Patricia Duncker is a reader’s writer, an absurd thing to say perhaps, until you see the amount of books she takes with her wherever she goes, and the range of those books, from classics and the latest literary titles, through the genres to mountaineering conquests. Perhaps it is why she has never written the same book twice, or to put it another way, why the style and subject of her novels varies so widely.

Her first novel, Hallucinating Foucault won the Dillons First Fiction Award and the McKitterick Prize and has a quiet cult status. Set mainly in France, a student pursues and tries to ‘rescue’ from madness his subject, the writer Paul Michel. Patricia plunged into historical fiction with James Miranda Barry an ‘account’ of the life of the 19th century colonial doctor, duelist and socialite who lived her life as a man. The Deadly Space Between is a psychological thriller about 18-year-old Toby Hawk and his mother's enigmatic new lover. Her latest novel Miss Webster and Chérif was published in May.

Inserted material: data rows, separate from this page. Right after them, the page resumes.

(* Let $(Z_n)_{n\ge0}$ be a Galton–Watson process with $Z_0=1$ whose offspring variable $\xi$ has mean $\mu<1$ and satisfies $\mathbf{E}[\xi^{1+\epsilon}]<\infty$ for some $\epsilon>0$. Suppose $1<\beta<\mu^{-1}$. Then there exists $\kappa>0$ such that for all $\delta\in(0,\kappa)$ the process $((Z_n\beta^n)^{1+\delta})_{n\ge0}$ is a supermartingale with respect to the natural filtration $\mathcal{F}_n=\sigma(Z_k;k\le n)$. *)

theory Defs
  imports "HOL-Probability.Probability"
begin

text \<open>Galton-Watson process driven by offspring variables X n i
  (number of children of the i-th individual of generation n), with Z 0 = 1.\<close>
fun gw_Z :: "(nat \<Rightarrow> nat \<Rightarrow> 'a \<Rightarrow> nat) \<Rightarrow> nat \<Rightarrow> 'a \<Rightarrow> nat" where
  "gw_Z X 0 \<omega> = 1"
| "gw_Z X (Suc n) \<omega> = (\<Sum>i<gw_Z X n \<omega>. X n i \<omega>)"

definition natural_filtration :: "'a measure \<Rightarrow> (nat \<Rightarrow> 'a \<Rightarrow> nat) \<Rightarrow> nat \<Rightarrow> 'a measure" where
  "natural_filtration M Z n = sigma (space M) {Z k -` A \<inter> space M | k A. k \<le> n}"

definition supermartingale ::
  "'a measure \<Rightarrow> (nat \<Rightarrow> 'a measure) \<Rightarrow> (nat \<Rightarrow> 'a \<Rightarrow> real) \<Rightarrow> bool" where
  "supermartingale M F Y \<longleftrightarrow>
     (\<forall>n. subalgebra M (F n)) \<and>
     (\<forall>n m. n \<le> m \<longrightarrow> sets (F n) \<subseteq> sets (F m)) \<and>
     (\<forall>n. Y n \<in> borel_measurable (F n)) \<and>
     (\<forall>n. integrable M (Y n)) \<and>
     (\<forall>n m. n \<le> m \<longrightarrow> (AE \<omega> in M. real_cond_exp M (F n) (Y m) \<omega> \<le> Y n \<omega>))"

end

theory Submission
  imports Defs
begin

text \<open>Given \<open>F\<^sub>n\<close> and \<open>Z\<^sub>n = z \<ge> 1\<close>, the next generation is a sum \<open>S\<^sub>z\<close> of \<open>z\<close> copies of
  \<open>\<xi>\<close> independent of \<open>F\<^sub>n\<close>, so
  \<open>E[(Z\<^sub>n\<^sub>+\<^sub>1 \<beta>^(n+1))^(1+\<delta>) | F\<^sub>n] = (Z\<^sub>n \<beta>^n)^(1+\<delta>) \<beta>^(1+\<delta>) E[(S\<^sub>z/z)^(1+\<delta>)]\<close>.
  Splitting at a level \<open>T\<close>, \<open>y^(1+\<delta>) \<le> T^\<delta> y + T^(\<delta>-\<epsilon>) y^(1+\<epsilon>)\<close>, and Jensen's inequality
  for the average \<open>S\<^sub>z/z\<close> bound \<open>E[(S\<^sub>z/z)^(1+\<delta>)]\<close> by \<open>T^\<delta> \<mu> + T^(\<delta>-\<epsilon>) E[\<xi>^(1+\<epsilon>)]\<close>
  uniformly in \<open>z\<close>. For \<open>T\<close> large, this bound times \<open>\<beta>^(1+\<delta>)\<close> tends to
  \<open>\<beta>\<mu> + \<beta> T^(-\<epsilon>) E[\<xi>^(1+\<epsilon>)] < 1\<close> as \<open>\<delta> \<rightarrow> 0\<close>, so it stays below \<open>1\<close> for all
  small \<open>\<delta>\<close>.\<close>

lemma convex_on_powr_nonneg:
  fixes p :: real
  assumes "p \<ge> 1"
  shows "convex_on {0..} (\<lambda>x. x powr p)"
proof (rule convex_onI)
  fix t x y :: real assume t: "0 < t" "t < 1" and xy: "x \<in> {0..}" "y \<in> {0..}"
  have powr_le_self: "s powr p \<le> s" if "0 < s" "s \<le> 1" for s :: real
  proof -
    have "s powr p \<le> s powr 1" using that assms by (intro powr_mono') auto
    then show ?thesis using that by simp
  qed
  consider "x > 0" "y > 0" | "x = 0" | "y = 0" using xy by fastforce
  then show "((1 - t) *\<^sub>R x + t *\<^sub>R y) powr p \<le> (1 - t) * x powr p + t * y powr p"
  proof cases
    case 1
    then show ?thesis using convex_onD[OF powr_convex[OF assms], of t x y] t by auto
  next
    case 2
    have "(t * y) powr p = t powr p * y powr p" using xy t by (simp add: powr_mult)
    also have "\<dots> \<le> t * y powr p" using powr_le_self[of t] t by (intro mult_right_mono) auto
    finally show ?thesis using 2 by simp
  next
    case 3
    have "((1 - t) * x) powr p = (1 - t) powr p * x powr p" using xy t by (simp add: powr_mult)
    also have "\<dots> \<le> (1 - t) * x powr p" using powr_le_self[of "1 - t"] t by (intro mult_right_mono) auto
    finally show ?thesis using 3 by simp
  qed
qed simp

lemma powr_mean_le_mean_powr:
  fixes a :: "'i \<Rightarrow> real" and p :: real
  assumes "finite I" "I \<noteq> {}" "\<And>i. i \<in> I \<Longrightarrow> a i \<ge> 0" "p \<ge> 1"
  shows "((\<Sum>i\<in>I. a i) / card I) powr p \<le> (\<Sum>i\<in>I. a i powr p) / card I"
proof -
  have "(\<lambda>x. x powr p) (\<Sum>i\<in>I. (1 / card I) *\<^sub>R a i) \<le> (\<Sum>i\<in>I. (1 / card I) * (\<lambda>x. x powr p) (a i))"
    by (rule convex_on_sum[OF _ _ convex_on_powr_nonneg[OF assms(4)]]) (use assms in auto)
  then show ?thesis by (simp add: sum_distrib_left[symmetric] sum_divide_distrib[symmetric])
qed

lemma powr_le_split_at_level:
  fixes y T \<delta> \<epsilon> :: real
  assumes "y \<ge> 0" "T > 0" "0 \<le> \<delta>" "\<delta> \<le> \<epsilon>"
  shows "y powr (1 + \<delta>) \<le> T powr \<delta> * y + T powr (\<delta> - \<epsilon>) * y powr (1 + \<epsilon>)"
proof (cases "y = 0")
  case False
  then have y: "y > 0" using assms by simp
  have nonneg: "0 \<le> T powr \<delta> * y" "0 \<le> T powr (\<delta> - \<epsilon>) * y powr (1 + \<epsilon>)" using y by auto
  show ?thesis
  proof (cases "y \<le> T")
    case True
    have "y powr (1 + \<delta>) = y * y powr \<delta>" using y by (simp add: powr_add)
    also have "\<dots> \<le> y * T powr \<delta>" using True y assms by (intro mult_left_mono powr_mono2) auto
    finally have "y powr (1 + \<delta>) \<le> T powr \<delta> * y" by (simp add: mult.commute)
    then show ?thesis using nonneg by linarith
  next
    case False
    have "y powr (1 + \<delta>) = y powr (1 + \<epsilon>) * y powr (\<delta> - \<epsilon>)" using y by (simp add: powr_add[symmetric])
    also have "\<dots> \<le> y powr (1 + \<epsilon>) * T powr (\<delta> - \<epsilon>)" using False y assms
      by (intro mult_left_mono powr_mono2') auto
    finally have "y powr (1 + \<delta>) \<le> T powr (\<delta> - \<epsilon>) * y powr (1 + \<epsilon>)" by (simp add: mult.commute)
    then show ?thesis using nonneg by linarith
  qed
qed simp

lemma exists_contracting_exponents:
  fixes \<beta> \<mu> K \<epsilon> :: real
  assumes "\<beta> > 1" "\<beta> * \<mu> < 1" "\<mu> \<ge> 0" "K \<ge> 0" "\<epsilon> > 0"
  shows "\<exists>T>0. \<exists>\<kappa>>0. \<kappa> \<le> \<epsilon> \<and>
           (\<forall>\<delta>. 0 < \<delta> \<and> \<delta> < \<kappa> \<longrightarrow> \<beta> powr (1 + \<delta>) * (T powr \<delta> * \<mu> + T powr (\<delta> - \<epsilon>) * K) < 1)"
proof -
  define r where "r = 1 - \<beta> * \<mu>"
  have r: "r > 0" using assms by (simp add: r_def)
  define c where "c = r / (2 * \<beta> * (K + 1))"
  have c: "c > 0" using r assms by (simp add: c_def)
  \<comment> \<open>\<open>T\<close> is chosen so that \<open>\<beta> T^(-\<epsilon>) K < r/2\<close>.\<close>
  define T where "T = c powr (-1 / \<epsilon>)"
  have T: "T > 0" using c by (simp add: T_def)
  have T_powr: "T powr (-\<epsilon>) = c" using c assms by (simp add: T_def powr_powr)
  define g where "g d = \<beta> powr (1 + d) * (T powr d * \<mu> + T powr (d - \<epsilon>) * K)" for d
  have "\<beta> * (c * K) < r / 2"
  proof -
    have "\<beta> * (c * K) = r * K / (2 * (K + 1))" using assms by (simp add: c_def)
    also have "\<dots> < r / 2" using r assms by (simp add: field_simps)
    finally show ?thesis .
  qed
  then have g0: "g 0 < 1" using T T_powr r assms(1) unfolding r_def g_def by (simp add: distrib_left)
  have "(g \<longlongrightarrow> g 0) (at 0)"
    unfolding g_def using assms T by (intro tendsto_intros) auto
  then have "eventually (\<lambda>d. g d < 1) (at 0)" using g0 by (rule order_tendstoD(2))
  then obtain d where d: "d > 0" "\<And>x. x \<noteq> 0 \<Longrightarrow> dist x 0 < d \<Longrightarrow> g x < 1"
    unfolding eventually_at by blast
  have "\<forall>\<delta>. 0 < \<delta> \<and> \<delta> < min d \<epsilon> \<longrightarrow> g \<delta> < 1" using d(2) by auto
  then show ?thesis using T d(1) assms(5) unfolding g_def
    by (intro exI[of _ T] conjI exI[of _ "min d \<epsilon>"]) auto
qed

Patricia has published two collections of short stories, Monsieur Shoushana's Lemon Trees, is fuelled by jealousy, passion and revenge, and she merely upped the ante in all these themes with her you-get-what-is-says-on-the-can second collection Seven Tales of Sex and Death.

Patricia was born in Kingston, Jamaica and is currently a Professor of Creative Writing at the University of East Anglia. She contributes to the new stock of exciting new writers in the Yorkshire and Humber region as Visiting Professor of the Writing Squad.